Лицом к лицу, вопреки Есенину, в этом случае лицо и увидать. Текст при чтении существует в «сотрудничестве» (слово Машинской) с читающим, — так и человек ответивший, прокомментировавший послание, уточняет понимание, обогащает его своей ответной реакцией. (Поэтому и я люблю этот жанр — будь то рецензия на сайте Pechorin.net, которая сначала проходит через редакторские руки и только потом попадает автору разбираемого текста, — или впечатления разной степени подробности в личном сообщении.) Как-то, на заре моей критической деятельности, такое «сотрудничество» обернулось казусным случаем: поэтесса, героиня моей большой статьи, позвонила в журнал, для которого та статья предназначалась, и надолго испортила мои отношения с ним. Та история и гневное письмо, в котором редактор наставлял «никогда, никогда не показывать автору текст о нем», надолго лишили меня желания такой обратной связи. Позже, когда статья обсуждалась на критическом семинаре и я рассказал коллегам о случившемся, одна из руководительниц семинара недоуменно спросила: «Зачем вы показали ей текст? Вы что, хотели, чтобы она вас скорректировала?». Другой руководитель оказался мудрее — и выразился так: «Думаю, что для Бориса это было желание разговора о человеке в присутствии человека». Отзвук этой мысли можно найти и в словах Машинской: «“Открытки” начались с осознания невозможности говорить о стихах анонимно, отстраненно. Ведь даже в самм отстранении необходимо присутствие вот этого, глядящего со стороны. Стихотворение являет мне себя, но мое восприятие не пассивно. Стихотворение являет мне себя в той мере, в какой я сама леплю его своим пониманием…». Внимательное чтение лирического текста — всегда взаимный процесс, не в меньшей степени зависящий от эмоционального поля воспринимающего, чем от особенностей текста, — и его продумывание, наиболее полноценное понимание может быть актом совместным. В этом смысле Машинская несколько отходит от стереотипного представления, что художник не должен говорить о своем творении (ответные письма в этой книге не опубликованы, но уверен, что иные из них были едва ли не подробнее, чем исходная открытка. Как тогда пошутил мой друг — после письма поэтессы, недовольной моей статьей: «Нужно печатать две статьи — одну твою об N, другую — N о себе»).

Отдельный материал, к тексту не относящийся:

lemma plateau_sums:
  assumes "2 \<le> m"
  shows "(\<Sum>k\<in>{-m..m}. (plateau m u k)\<^sup>2) = 1 + of_int (m - 1) * u\<^sup>2"
    and "(\<Sum>k\<in>{-m..m}. plateau m u k * plateau m u (k + 1)) = u + of_int (m - 2) * u\<^sup>2"
proof -
  have "(\<Sum>k\<in>{-m..m}. (plateau m u k)\<^sup>2)
      = (\<Sum>k\<in>{-m..m}. (if k = 0 then 1 else 0) + (if 0 < k \<and> k < m then u\<^sup>2 else 0))"
    by (rule sum.cong) (auto simp: plateau_def)
  also have "\<dots> = 1 + (\<Sum>k\<in>{k\<in>{-m..m}. 0 < k \<and> k < m}. u\<^sup>2)"
    using assms by (simp add: sum.distrib sum.inter_filter[symmetric])
  also have "{k\<in>{-m..m}. 0 < k \<and> k < m} = {1..m - 1}"
    by auto
  finally show "(\<Sum>k\<in>{-m..m}. (plateau m u k)\<^sup>2) = 1 + of_int (m - 1) * u\<^sup>2"
    using assms by simp
  have "(\<Sum>k\<in>{-m..m}. plateau m u k * plateau m u (k + 1))
      = (\<Sum>k\<in>{-m..m}. (if k = 0 then u else 0) + (if 0 < k \<and> k < m - 1 then u\<^sup>2 else 0))"
    by (rule sum.cong) (use assms in \<open>auto simp: plateau_def power2_eq_square\<close>)
  also have "\<dots> = u + (\<Sum>k\<in>{k\<in>{-m..m}. 0 < k \<and> k < m - 1}. u\<^sup>2)"
    using assms by (simp add: sum.distrib sum.inter_filter[symmetric])
  also have "{k\<in>{-m..m}. 0 < k \<and> k < m - 1} = {1..m - 2}"
    by auto
  finally show "(\<Sum>k\<in>{-m..m}. plateau m u k * plateau m u (k + 1)) = u + of_int (m - 2) * u\<^sup>2"
    using assms by simp
qed

lemma admissible_exists:
  assumes "0 < s"
  shows "\<exists>x. admissible s x"
proof -
  define tau where "tau = 1 / sqrt (1 + s)"
  have "0 < tau" "tau < 1"
    using assms by (auto simp: tau_def)
  define m where "m = \<lceil>1 / (1 - tau)\<rceil> + 1"
  have "1 \<le> 1 / (1 - tau)"
    using \<open>0 < tau\<close> \<open>tau < 1\<close> by simp
  then have "2 \<le> m" "1 / (1 - tau) \<le> of_int m"
    unfolding m_def by linarith+
  define f where "f u = (u + of_int (m - 2) * u\<^sup>2) / (1 + of_int (m - 1) * u\<^sup>2)" for u :: real
  have denom_pos: "0 < 1 + of_int (m - 1) * u\<^sup>2" for u :: real
    using \<open>2 \<le> m\<close> by (simp add: add_pos_nonneg)
  have "f 0 \<le> tau"
    using \<open>0 < tau\<close> by (simp add: f_def)
  moreover have "tau \<le> f 1"
  proof -
    have "f 1 = (of_int m - 1) / of_int m"
      unfolding f_def using \<open>2 \<le> m\<close> by (simp add: field_simps)
    moreover have "1 \<le> of_int m * (1 - tau)"
      using \<open>1 / (1 - tau) \<le> of_int m\<close> \<open>tau < 1\<close> by (simp add: field_simps)
    then have "tau \<le> (of_int m - 1) / of_int m"
      using \<open>2 \<le> m\<close> by (simp add: field_simps)
    ultimately show ?thesis
      by simp
  qed
  moreover have "continuous_on {0..1} f"
    unfolding f_def using denom_pos by (intro continuous_intros) (auto simp: less_imp_neq[symmetric])
  ultimately obtain u where "f u = tau"
    using IVT'[of f 0 tau 1] by auto
  have "plateau m u k = 0" if "k \<notin> {-m..m}" for k
    using that \<open>2 \<le> m\<close> by (auto simp: plateau_def)
  then have "admissible s (\<lambda>k. plateau m u k / sqrt (\<Sum>k\<in>{-m..m}. (plateau m u k)\<^sup>2))"
    by (rule admissible_normalize_finite)
       (use \<open>f u = tau\<close> denom_pos in \<open>simp_all add: plateau_sums[OF \<open>2 \<le> m\<close>] f_def tau_def\<close>)
  then show ?thesis
    by blast
qed

section \<open>The lower bound\<close>

lemma has_sum_delta: "((\<lambda>k::int. if k = 0 then c else 0) has_sum (c::real)) UNIV"
  by (rule has_sum_finite_neutralI[where B = "{0}"]) auto

lemma has_sum_int_shift: "(f has_sum a) UNIV \<Longrightarrow> ((\<lambda>k::int. f (k + 1)) has_sum a) UNIV"
  using has_sum_reindex_bij_witness[of UNIV "\<lambda>k. k + 1" "\<lambda>k. k - 1" UNIV "\<lambda>k. f (k + 1)" f a a] by simp

lemma mult_le_weighted_squares:
  fixes t u v :: real
  assumes "0 < t"
  shows "u * v \<le> t / 2 * u\<^sup>2 + 1 / (2 * t) * v\<^sup>2"
proof -
  have "0 \<le> (t * u - v)\<^sup>2 / t"
    using assms by simp
  also have "\<dots> = 2 * (t / 2 * u\<^sup>2 + 1 / (2 * t) * v\<^sup>2 - u * v)"
    using assms by (simp add: field_simps power2_eq_square)
  finally show ?thesis by simp
qed

lemma admissible_corr_le:
  assumes adm: "admissible s x" and "0 < t"
  shows "1 / sqrt (1 + s) \<le> (t / 2 + 1 / (2 * t)) * (1 - (x 0)\<^sup>2) + t * (x 0)\<^sup>2"
proof -
  have norm: "((\<lambda>k. (x k)\<^sup>2) has_sum 1) UNIV"
    and corr: "((\<lambda>k. x k * x (k + 1)) has_sum (1 / sqrt (1 + s))) UNIV"
    using adm unfolding admissible_def by auto
  define R where "R = t / 2 + 1 / (2 * t)"
  define g where "g k = (if 0 \<le> k then t / 2 else 1 / (2 * t))" for k :: int
  have "0 < t / 2" "0 < 1 / (2 * t)"
    using \<open>0 < t\<close> by simp_all
  then have g_pos: "0 \<le> g k" and g_le: "g k \<le> R" for k
    unfolding R_def g_def by auto
  have weights: "g k + g (- k) = R + (if k = 0 then t - R else 0)" for k
    by (auto simp: g_def R_def)
  have summable: "(\<lambda>k. g (h k) * (x k)\<^sup>2) summable_on UNIV" for h :: "int \<Rightarrow> int"
    by (rule summable_on_comparison_test[OF summable_on_cmult_right[OF has_sum_imp_summable[OF norm], of R]])
       (auto simp: abs_mult g_pos intro!: mult_right_mono g_le)
  define A B where "A = (\<Sum>\<^sub>\<infinity>k. g k * (x k)\<^sup>2)" and "B = (\<Sum>\<^sub>\<infinity>k. g (- k) * (x k)\<^sup>2)"
  have A: "((\<lambda>k. g k * (x k)\<^sup>2) has_sum A) UNIV" and B: "((\<lambda>k. g (- k) * (x k)\<^sup>2) has_sum B) UNIV"
    using summable[of id] summable[of uminus] by (simp_all add: A_def B_def)
  have B_shift: "((\<lambda>k. g (- (k + 1)) * (x (k + 1))\<^sup>2) has_sum B) UNIV"
    using has_sum_int_shift[OF B] .
  have "g k * (x k)\<^sup>2 + g (- k) * (x k)\<^sup>2 = R * (x k)\<^sup>2 + (if k = 0 then (t - R) * (x 0)\<^sup>2 else 0)" for k
    by (simp add: distrib_right[symmetric] weights)
  then have "((\<lambda>k. g k * (x k)\<^sup>2 + g (- k) * (x k)\<^sup>2) has_sum R * 1 + (t - R) * (x 0)\<^sup>2) UNIV"
    using has_sum_add[OF has_sum_cmult_right[OF norm, of R] has_sum_delta[of "(t - R) * (x 0)\<^sup>2"]]
    by simp
  then have "A + B = R * 1 + (t - R) * (x 0)\<^sup>2"
    using has_sum_add[OF A B] by (rule has_sum_unique[rotated])
  moreover have "1 / sqrt (1 + s) \<le> A + B"
  proof (rule has_sum_mono[OF corr has_sum_add[OF A B_shift]])
    fix k :: int
    show "x k * x (k + 1) \<le> g k * (x k)\<^sup>2 + g (- (k + 1)) * (x (k + 1))\<^sup>2"
    proof (cases "0 \<le> k")
      case True
      then show ?thesis
        using mult_le_weighted_squares[OF \<open>0 < t\<close>, of "x k" "x (k + 1)"] by (simp add: g_def)
    next
      case False
      then show ?thesis
        using mult_le_weighted_squares[OF \<open>0 < t\<close>, of "x (k + 1)" "x k"] by (simp add: g_def ac_simps)
    qed
  qed
  ultimately show ?thesis
    by (simp add: R_def algebra_simps)
qed

lemma admissible_center_bound:
  assumes "0 < s" and adm: "admissible s x"
  shows "(x 0)\<^sup>2 \<le> sqrt (s / (1 + s))"
proof -
  define R q where "R = sqrt (1 + s)" and "q = sqrt s"
  have "0 < q" "q < R" "R * R = 1 + s" "q * q = s"
    using \<open>0 < s\<close> by (auto simp: R_def q_def real_sqrt_less_iff)
  then have "(R - q) * (R + q) = 1"
    by (simp add: algebra_simps)
  then have "(R - q) / 2 + 1 / (2 * (R - q)) = R"
    using \<open>q < R\<close> by (simp add: field_simps)
  then have "1 / R \<le> R - q * (x 0)\<^sup>2"
    using admissible_corr_le[OF adm, of "R - q"] \<open>q < R\<close> by (simp add: R_def algebra_simps)
  then have "q * (R * (x 0)\<^sup>2) \<le> q * q"
    using \<open>0 < q\<close> \<open>q < R\<close> \<open>R * R = 1 + s\<close> \<open>q * q = s\<close> by (simp add: field_simps)
  then have "(x 0)\<^sup>2 \<le> q / R"
    using \<open>0 < q\<close> \<open>q < R\<close> by (simp add: field_simps)
  also have "q / R = sqrt (s / (1 + s))"
    by (simp add: q_def R_def real_sqrt_divide)
  finally show ?thesis .
qed

lemma admissible_off_center_bound:
  assumes "admissible s x"
  shows "1 - (x 0)\<^sup>2 \<le> time_spread x"
proof -
  have norm: "((\<lambda>k. (x k)\<^sup>2) has_sum 1) UNIV"
    and spread: "((\<lambda>k. (of_int k)\<^sup>2 * (x k)\<^sup>2) has_sum time_spread x) UNIV"
    using assms unfolding admissible_def time_spread_def by auto
  have "(x k)\<^sup>2 + (if k = 0 then - (x 0)\<^sup>2 else 0) \<le> (of_int k)\<^sup>2 * (x k)\<^sup>2" for k
  proof (cases "k = 0")
    case False
    then have "1 \<le> \<bar>of_int k :: real\<bar>"
      by linarith
    then have "1 \<le> (of_int k :: real)\<^sup>2"
      using one_le_power[of "\<bar>of_int k :: real\<bar>" 2] by simp
    then show ?thesis
      using False mult_right_mono[of 1 "(of_int k)\<^sup>2" "(x k)\<^sup>2"] by simp
  qed simp
  then have "1 + - (x 0)\<^sup>2 \<le> time_spread x"
    by (rule has_sum_mono[OF has_sum_add[OF norm has_sum_delta] spread])
  then show ?thesis
    by simp
qed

В случае Машинской обида, однако, малоожидаема — настолько важно эссеисту погружение в материал и дорог ответный опыт встречи. При анализе ответного опыта автор касается одной из наболевших проблем времени — не используя надоевший термин «культурное перепроизводство» (хотя и он бы подошел), но говоря: «Драма большого (по силе) сложного стихотворения — в одиночестве его. Дело не только в разнице масштабов “звезды” и “астероида”, но и в рассеянности сознания, свойственного нашему времени: слишком многое зовет с улицы». Вспомнилось, как в 2015-м Ольга Славникова сказала в интервью мне об одной из задач премии «Дебют» (тогда еще существовавшей) как о необходимости усилить авторскую мотивацию, «помочь преодолеть одиночество писателя перед чистым листом». Мне тогда сразу же захотелось перевести ее — безусловно, верную — метафору в плоскость одиночества перед лицом уже написанного текста. Оно, это одиночество, не менее, а может, и более сильно. И как не подумать об успешной задаче такого преодоления (может, и не чувствуемой самим эссеистом, в отличие от Славниковой; проект Машинской ведь только условно проект, а по сути — череда изъявлений души), когда читаешь, например, такое — кажется, непосредственное до неприличия:
«Остается несомненный, запоминающийся голос — и вот за него и цепляешься. То есть мне уже даже неважно, что он говорит, мне важен тон, сердце — и мое к нему полное, абсолютное доверие. И все-таки этого недостаточно. Мне кажется, что вот этот голос — он, как часы в Вашем стихотворении (совершенно парландовском), парализован красотой, и мне хочется уже чего-то другого, свободнее и грубее, но чтоб мое доверие к голосу осталось, осталось вот это растерянное ощущение мира до любви, как Вы говорите» (в письме Алексею Чипиге).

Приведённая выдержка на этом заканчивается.